Another fucking thankless task is being asked what to get as a present for someone. They're all "Ooh, we'd like to get a present for so-and-so, cos he's done so much for us and he's a really great bloke. You know him quite well, what would he like?"

It wouldn't appear to make any difference what you suggest. It's never the right fucking thing. You'd think the gift was for _them_.

Clowns.


----------



## Lord Camomile (Oct 11, 2012)

Onket said:


> It would appear to be a thankless task


----------



## krink (Oct 11, 2012)

i stopped doing xmas and all other team after work stuff a few years back when i realised I wasn't really keen on the people i work with. not nice but true.


----------



## StoneRoad (Oct 13, 2012)

not sure what current place will do this year.

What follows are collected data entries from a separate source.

lemma (in prob_space) tendsto_prob_ge_if_nn_integral_min_1_tendsto_0:
  fixes Y :: "nat \<Rightarrow> 'a \<Rightarrow> ennreal"
  assumes [measurable]: "\<And>t. Y t \<in> borel_measurable M"
    and lim: "(\<lambda>t. \<integral>\<^sup>+ x. min 1 (Y t x) \<partial>M) \<longlonglongrightarrow> 0" and "0 < c"
  shows "(\<lambda>t. prob {x \<in> space M. ennreal c \<le> Y t x}) \<longlonglongrightarrow> 0"
proof -
  let ?A = "\<lambda>t. {x \<in> space M. ennreal c \<le> Y t x}"
  let ?I = "\<lambda>t. \<integral>\<^sup>+ x. min 1 (Y t x) \<partial>M"
  define b where "b = min 1 c"
  have b: "0 < b" using \<open>0 < c\<close> by (simp add: b_def)
  have "ennreal (b * prob (?A t)) \<le> ?I t" for t
  proof -
    have "ennreal (b * prob (?A t)) = ennreal b * emeasure M (?A t)"
      using b by (simp add: emeasure_eq_measure ennreal_mult)
    also have "\<dots> = (\<integral>\<^sup>+ x. ennreal b * indicator (?A t) x \<partial>M)"
      by (rule nn_integral_cmult_indicator[symmetric]) measurable
    also have "\<dots> \<le> ?I t"
      by (intro nn_integral_mono)
        (auto simp: b_def split: split_indicator intro: order_trans[OF ennreal_leI[of "min 1 c" c]])
    finally show ?thesis .
  qed
  moreover have "?I t \<le> 1" for t
    using nn_integral_mono[of M "\<lambda>x. min 1 (Y t x)" "\<lambda>_. 1"] by (simp add: emeasure_space_1)
  ultimately have le: "b * prob (?A t) \<le> enn2real (?I t)" for t
    using b by (metis enn2real_ennreal enn2real_mono ennreal_one_less_top le_less_trans
        measure_nonneg mult_nonneg_nonneg less_imp_le)
  have "(\<lambda>t. enn2real (?I t) / b) \<longlonglongrightarrow> enn2real 0 / b"
    using b lim by (intro tendsto_divide tendsto_const tendsto_enn2real) simp_all
  then have lim': "(\<lambda>t. enn2real (?I t) / b) \<longlonglongrightarrow> 0" by simp
  show ?thesis
  proof (rule tendsto_sandwich[OF _ _ tendsto_const lim'])
    show "\<forall>\<^sub>F t in sequentially. 0 \<le> prob (?A t)" by simp
    show "\<forall>\<^sub>F t in sequentially. prob (?A t) \<le> enn2real (?I t) / b"
      using le b by (intro always_eventually allI) (simp add: field_simps mult.commute)
  qed
qed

Last place was *fun* not only did a "comedy" crimble card, but had a right old knees-up. Starting with pre-meal drinks, lavish lunch, followed by more drinks, usually ending up at a nightclub. The after meal drinks were unofficially "including spouses" - As I lived over 35miles from office I never lasted much beyond the first few after meal drinks (......as I had to drive home, and local poliss rather hot on driving under influence!) And the boss was most offended if you got your own wallet out.....

This format, apart from the meal being an evening one, was followed on a couple or three "awaydays" doing "research" with hotel included - the firm was interior designers, btw.......


----------



## Numbers (Oct 13, 2012)

We had a right good one last year, in the Landmark in Marylebone. No idea where it'll be this year yet, but whispers that it'll be in Marylebone again I hear


----------



## spanglechick (Oct 13, 2012)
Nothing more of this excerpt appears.